Flight is indicative of guilt, but its converse is not necessarily true. Culprits behave
differently and even erratically in externalizing and manifesting their guilt. Some may
escape or flee a circumstance strongly illustrative of guilt while others may remain in
the same vicinity so as to create a semblance of regularity, thereby avoiding suspicion
from other members of the community ( People v. Mores, G.R. No. 189846, June 26,
2013 citing People v. Asilan, G.R. No. 188322, April 11, 2012, 669 SCRA 405, 419).

Flight per se is not synonymous with guilt and must not always be attributed to ones
consciousness of guilt (Valdez v. People, G.R. No. 170180, November 23, 2007;
People v. Lopez, 371 Phil. 852, 862 (1999); People v. Bawar, 262 SCRA 325) Of
persuasion was the Michigan Supreme Court when it ruled in People v. Shabaz,
424 Mich. 42, 378 N.W.2d 451 (1985) that flight alone is not a reliable indicator of guilt
without other circumstances because flight alone is inherently ambiguous. Alone, and
under the circumstances of this case, petitioners flight lends itself just as easily to an
innocent explanation as it does to a nefarious one.

A person may flee or hide for some other motive and may do so even though innocent.
Whether the evidence of flight or concealment in this case should be looked at as
tending to prove guilt, depends upon the facts and circumstances of this case and
especially upon motives which may have prompted the flight or concealment.
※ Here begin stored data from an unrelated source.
(* Let $\mathcal{X}$ be a finite set, $\pi$ a probability distribution on $\mathcal{X}$ with $\pi(x)>0$ for all $x$, $p>1$, $\alpha>0$, and $\mathcal{N}$ a symmetric neighborhood mapping on $\mathcal{X}$ (with $x\notin\mathcal{N}(x)$) such that every stochastic matrix $K$ with $K(x,y)>0$ iff $y\in\mathcal{N}(x)$ is irreducible, and $\max_x|\mathcal{N}(x)|\le p^\alpha$. Suppose there exist $x^*\in\mathcal{X}$, an operator $\mathsf{T}\colon\mathcal{X}\to\mathcal{X}$ and a constant $\nu>\alpha$ such that $\mathsf{T}(x^* )=x^*$ and for every $x\neq x^*$, $\mathsf{T}(x)\in\mathcal{N}(x)$ and $\pi(\mathsf{T}(x))\ge p^\nu\pi(x)$. Let $h\colon(0,\infty)\to(0,\infty)$ be a non-decreasing balancing function, i.e. $h(u)=u\,h(1/u)$ for all $u>0$. Define $Z_h(x)=\sum_{y\in\mathcal{N}(x)}h(\pi(y)/\pi(x))$, $K_h(x,y)=\mathbf{1}_{\mathcal{N}(x)}(y)h(\pi(y)/\pi(x))/Z_h(x)$, $\pi_h$ the stationary distribution of $K_h$, $\omega=\pi/\pi_h$, and the transition rate matrix $Q_h(x,y)=K_h(x,y)/\omega(x)$ for $x\ne y$, $Q_h(x,x)=-\sum_{x'\neq x}Q_h(x,x')$. Then $$\mathrm{Gap}(Q_h)\ge\kappa(p,\alpha,\nu)\frac{h(p^\nu)}{\mathbb{E}_\pi[Z_h]},\qquad \kappa(p,\alpha,\nu)=\tfrac12\{1-p^{-(\nu-\alpha)/2}\}^3.$$ Further, $2\,\mathrm{Gap}(Q_h)/\kappa(p,\alpha,\nu)\ge p^{\nu-\alpha}$ if $h(u)=1+u$; $\ge p^{\nu-2\alpha}$ if $h(u)=\min(1,u)$; and $\ge p^{\nu/2}/(p^{2\alpha-\nu}+p^{\alpha-\nu/2})$ if $h(u)=\sqrt{u}$.
   Context: $\mathbb{E}_\pi[Z_h]=\sum_x\pi(x)Z_h(x)$. For an irreducible reversible transition rate matrix $Q$ with eigenvalues $0=\lambda_1(Q)>\lambda_2(Q)\ge\cdots$, $\mathrm{Gap}(Q)=-\lambda_2(Q)$. *)

theory Defs
  imports "HOL-Analysis.Analysis"
begin
(* Condition (P) makes P(Y > u - c) negligible against the tail of Y + V for any
   V with unbounded support: with d = |c| + a, the lower estimate gives
   P(Y + V > u) >= P(V > d) P(Y > u - d), while P(Y > u - c) <= P(Y > u - d + a)
   is a vanishing fraction of P(Y > u - d). *)
lemma shifted_tail_negligible:
  fixes Y V :: "'a \<Rightarrow> real"
  assumes Y: "Y \<in> borel_measurable M" and V: "V \<in> borel_measurable M"
    and ind: "indep_var borel Y borel V" and P: "condition_P M Y"
    and V_pos: "\<forall>t>0. prob {x\<in>space M. V x > t} > 0" and "\<delta> > 0"
  shows "eventually (\<lambda>u. prob {x\<in>space M. Y x > u - c} \<le> \<delta> * prob {x\<in>space M. Y x + V x > u}
            \<and> prob {x\<in>space M. Y x + V x > u} > 0) at_top"
proof -
  obtain a where "a > 0" and lim:
    "((\<lambda>v. prob {x\<in>space M. Y x > v + a} / prob {x\<in>space M. Y x > v}) \<longlongrightarrow> 0) at_top"
    using P unfolding condition_P_def by blast
  have Y_pos: "\<And>v. v > 0 \<Longrightarrow> prob {x\<in>space M. Y x > v} > 0"
    using P unfolding condition_P_def by blast
  define d where "d = \<bar>c\<bar> + a"
  define q where "q = prob {x\<in>space M. V x > d}"
  have "q > 0" using V_pos \<open>a > 0\<close> by (simp add: q_def d_def)
  have "eventually (\<lambda>v. prob {x\<in>space M. Y x > v + a} / prob {x\<in>space M. Y x > v} < \<delta> * q
                         \<and> v > 0) at_top"
    using \<open>\<delta> > 0\<close> \<open>q > 0\<close> by (intro eventually_conj order_tendstoD(2)[OF lim] eventually_gt_at_top) simp
  moreover have "filterlim (\<lambda>u. u - d) at_top at_top"
    by (rule filterlim_tendsto_add_at_top[OF tendsto_const filterlim_ident, of "-d", simplified])
  ultimately have "eventually (\<lambda>u. prob {x\<in>space M. Y x > u - d + a} / prob {x\<in>space M. Y x > u - d}
                                   < \<delta> * q \<and> u - d > 0) at_top"
    by (rule eventually_compose_filterlim)
  then show ?thesis
  proof eventually_elim
    case (elim u)
    then have Y_tail: "prob {x\<in>space M. Y x > u - d} > 0" using Y_pos by simp
    then have small: "prob {x\<in>space M. Y x > u - d + a} \<le> \<delta> * q * prob {x\<in>space M. Y x > u - d}"
      using elim by (simp add: divide_less_eq less_imp_le)
    have low: "q * prob {x\<in>space M. Y x > u - d} \<le> prob {x\<in>space M. Y x + V x > u}"
      unfolding q_def by (rule sum_tail_lower[OF Y V ind])
    have "prob {x\<in>space M. Y x > u - c} \<le> prob {x\<in>space M. Y x > u - d + a}"
      by (rule finite_measure_mono) (use Y in \<open>auto simp: d_def\<close>)
    also have "\<dots> \<le> \<delta> * (q * prob {x\<in>space M. Y x > u - d})" using small by simp
    also have "\<dots> \<le> \<delta> * prob {x\<in>space M. Y x + V x > u}" using low \<open>\<delta> > 0\<close> by simp
    moreover have "0 < q * prob {x\<in>space M. Y x > u - d}" using \<open>q > 0\<close> Y_tail by simp
    ultimately show ?case using low by linarith
  qed
qed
You may
not find [appellant] guilty solely on the basis of evidence of flight or concealment
(Commonwealth v. Bruce, August 26, 1998, Superior Court of Pennsylvania).

[I]t is a matter of common knowledge that men who are entirely innocent do sometimes
fly from the scene of a crime through fear of being apprehended as the guilty parties, or
from an unwillingness to appear as witnesses. Nor is it true as an accepted axiom of
criminal law that "the wicked flee when no man pursueth; but the righteous are bold as a
lion." Innocent men sometimes hesitate to confront a jury, --not necessarily because
they fear that the jury will not protect them, but because they do not wish their names to
appear in connection with criminal acts, are humiliated at being obliged to incur the
popular odium of an arrest and trial, or because they do not wish to be put to the
annoyance or expense of defending themselves (Alberty v. United States, 162 U.S. 499,
511, 16 S.Ct. 864, 868, 40 L.Ed. 1051, 1056 (1896). Earlier that term in Hickory v.
United States, 160 U.S. 408, 16 S.Ct. 327, 40 L.Ed. 474, (1896), the Court also found
error in the giving of a flight instruction, finding that it was misleading because it
presented the inculpatory inferences but "omitted or obscured the converse aspect."